Every AI coding session creates knowledge — the why, the dead-ends, the gotchas, the intent. Today it evaporates the moment the session ends. CAPSULE captures it, scores it, versions it into enterprise skills, and feeds it back so the next developer or agent inherits full context instantly.
CAPSULE turns a finished coding session into a Capsule — a compressed, scored record of what was
learned — distilled locally (Ollama qwen2.5-coder:14b), judged by an LLM scorer, stored in
portable Backboard memory, versioned into a local skill registry, and promoted at end-of-day into a
versioned enterprise skills registry. It's a reinforcement-learning loop for the enterprise SDLC: every
session makes the next one cheaper and better. There's also an in-app agent chat so you can feel the
warm-start directly — talk to a local model that already remembers.
CAPSULE is built on a single thesis: context dies at the session boundary. That one root cause is the source of all four "Build for Builders" themes — and CAPSULE solves them together:
| Theme | How CAPSULE serves it |
|---|---|
| Handoff | The capsule is the handoff artifact. The in-app agent chat lets the next dev/agent inherit it and keep going — warm, not cold. |
| Productivity & flow | Warm-start injection (real Backboard retrieval) + measured token savings — a new session starts oriented, not from scratch. |
| Code quality & confidence | Provenance trail (every skill version → the capsule/finding that produced it) + a measured agentic-CI gate before a version publishes. |
| Junior developer | Each capsule's distilled finding coaches the dev; loading an enterprise skill into the chat hands a junior the senior's distilled knowledge. |
coding session
│ ambient capture (Stop-hook → queue → watcher) ~/.claude/*.jsonl
▼
CAPTURE compress the real transcript (src/lib/capture.ts)
▼
DISTILL LOCAL Ollama qwen2.5-coder:14b · CHUNKED map-reduce for big
sessions so the WHOLE session is distilled (src/lib/cerebras.ts)
▼
SCORE LLM-JUDGE transfer score (scoreCapsuleLLM, heuristic fallback)
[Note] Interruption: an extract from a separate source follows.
(* Assume Assumptions 1 and 2 (stated in the context). If, during an iteration of Algorithm 1 (the feasible interior point method described in the context), the line search returns a positive step size $\alpha$ and $\theta$ is updated to $\theta+d\alpha$, then the updated $\theta$ is a feasible solution of the semi-infinite program, i.e. $\text{dist}(b_i(t,\theta),o)\ge d_0$ for all bodies $i$ and all $t\in[0,T]$.
   Context: Problem. An articulated robot consists of finitely many rigid bodies. For a finite-dimensional trajectory parameter vector $\theta$ and a time $t\in[0,T]$ ($T>0$), the $i$-th body occupies a set $b_i(t,\theta)\subset\mathbb{R}^3$; static obstacles occupy $o\subset\mathbb{R}^3$. $\text{dist}(A,B)$ denotes the shortest Euclidean distance between sets $A,B$. Given a safe distance $d_0\ge 0$ and a twice differentiable cost $\mathcal{O}(\theta)$, the semi-infinite program (SIP) is: minimize $\mathcal{O}(\theta)$ subject to $\text{dist}(b_i(t,\theta),o)\ge d_0$ for all $i$ and all $t\in[0,T]$. A $\theta$ satisfying all constraints is feasible. Assumption 1: there are finite decompositions $b_i(t,\theta)=\bigcup_j b_{ij}(t,\theta)$ and $o=\bigcup_k o_k$ such that for each triple $(i,j,k)$ the function $(t,\theta)\mapsto \text{dist}(b_{ij}(t,\theta),o_k)$ is sufficiently smooth. Assumption 2: the feasible domain of $t$ and $\theta$ is bounded. Under these, there is a constant $L_1$ with $|\text{dist}(b_{ij}(t_1,\theta),o_k)-\text{dist}(b_{ij}(t_2,\theta),o_k)|\le L_1|t_1-t_2|$ for all $i,j,k,t_1,t_2,\theta$; the algorithm uses such an $L_1$. Barrier: $\mathcal{P}$ is a sufficiently smooth, monotonically decreasing function on $(0,\infty)$ with $\lim_{x\to0}\mathcal{P}(x)=\infty$, $\lim_{x\to\infty}\mathcal{P}(x)=0$. Set $\mathcal{P}_{ijk}(t,\theta)=\mathcal{P}(\text{dist}(b_{ij}(t,\theta),o_k)-d_0)$. Partitions: for each triple $(i,j,k)$ the algorithm maintains a finite partition of $[0,T]$ into closed intervals $[T_0^l,T_1^l]$ indexed by $l$; "subdividing" the term $(i,j,k,l)$ replaces $[T_0^l,T_1^l]$ in the partition of $(i,j,k)$ by $[T_0^l,(T_0^l+T_1^l)/2]$ and $[(T_0^l+T_1^l)/2,T_1^l]$. Define $\mathcal{P}_{ijkl}(\theta)=\mathcal{P}_{ijk}((T_0^l+T_1^l)/2,\theta)$ and, for $\mu>0$, $\mathcal{E}(\theta)=\mathcal{O}(\theta)+\mu\sum_{ijkl}(T_1^l-T_0^l)\mathcal{P}_{ijkl}(\theta)$ (sum over all triples and all intervals of their partitions). Search directions: $d^{(1)}=-\nabla_\theta\mathcal{E}$, or $d^{(2)}=\mathcal{M}(\nabla^2_\theta\mathcal{E})^{-1}d^{(1)}$ where $\mathcal{M}$ satisfies $\underline\beta I\preceq\mathcal{M}(H)\preceq\bar\beta I$ for fixed positive constants $\underline\beta,\bar\beta$. Wolfe condition: $\mathcal{E}(\theta+d\alpha)\le\mathcal{E}(\theta)+c\langle d\alpha,\nabla_\theta\mathcal{E}(\theta)\rangle$ with fixed $c\in(0,1)$. Safety check (Algorithm 2) at $\theta$: with $\psi(x)=L_1x/2+L_2x^\eta$ ($L_2,\eta>0$ constants), return some tuple $(i,j,k,l)$ with $\text{dist}(b_{ij}((T_0^l+T_1^l)/2,\theta),o_k)\le d_0+\psi(T_1^l-T_0^l)$ if one exists, else return None ("$\theta$ passes the safety check"). Line-Search($\theta,d,\epsilon_\alpha$) (Algorithm 3), with constants $\alpha_0>0,\gamma\in(0,1)$: set $\alpha=\alpha_0$, $\theta'=\theta+d\alpha$; while $\theta'$ fails the safety check or violates the Wolfe condition: if the safety check returned a tuple $(i,j,k,l)$, then if $\alpha\le\epsilon_\alpha$ set $\epsilon_\alpha\leftarrow\gamma\epsilon_\alpha$, subdivide $(i,j,k,l)$, re-evaluate $\mathcal{E}$ and recompute $d$ (as $d^{(1)}$ or $d^{(2)}$), otherwise set $\alpha\leftarrow\gamma\alpha$; if only the Wolfe condition fails set $\alpha\leftarrow\gamma\alpha$; then update $\theta'=\theta+d\alpha$ and re-run the safety check. Return $\alpha,\epsilon_\alpha$. Algorithm 1: input a feasible $\theta$, initial $\mu$, $\epsilon_\alpha,\epsilon_d,\epsilon_\mu>0$, $\gamma\in(0,1)$. While $\mu>\epsilon_\mu$: compute $d$; while $\|d\|_\infty>\epsilon_d$: $(\alpha,\epsilon_\alpha)\leftarrow$ Line-Search$(\theta,d,\epsilon_\alpha)$, $\theta\leftarrow\theta+d\alpha$, recompute $d$; then $\mu\leftarrow\gamma\mu$. Return $\theta$. *)

theory Defs
  imports "HOL-Analysis.Analysis"
begin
+ noveltyLLM (src/lib/scorer.ts)
▼
GATE keep if transferScore ≥ threshold OR novelty ≥ 80
▼
BACKBOARD store the DISTILLED briefing only — live memory
(X-API-Key, send_to_llm:false) (src/lib/backboard.ts)
▼
LOCAL REGISTRY write the skill bump to ~/.capsule/local-registry on branch
`local-deepak` — REAL local git commit, no push
(src/lib/local-registry.ts)
▼
END-OF-DAY PROMOTE one CI-gated PR `local-deepak → master`
(scripts/eod-promote.ts)
▼
ENTERPRISE master published after agentic CI + review
(github.com/aptsalt/capsule-enterprise-skills)
│
└──────────────► token savings = the RL reward, feeding the next session
Multi-developer at scale: upgrades are promoted as PRs, tested by an agentic CI (multi-sample A/B vs the current version), deduped when two devs find the same thing, and conflict-resolved (do/undo) by measured reward + recency. The registry also has an opposite pole — purge/retire — so it never silts up.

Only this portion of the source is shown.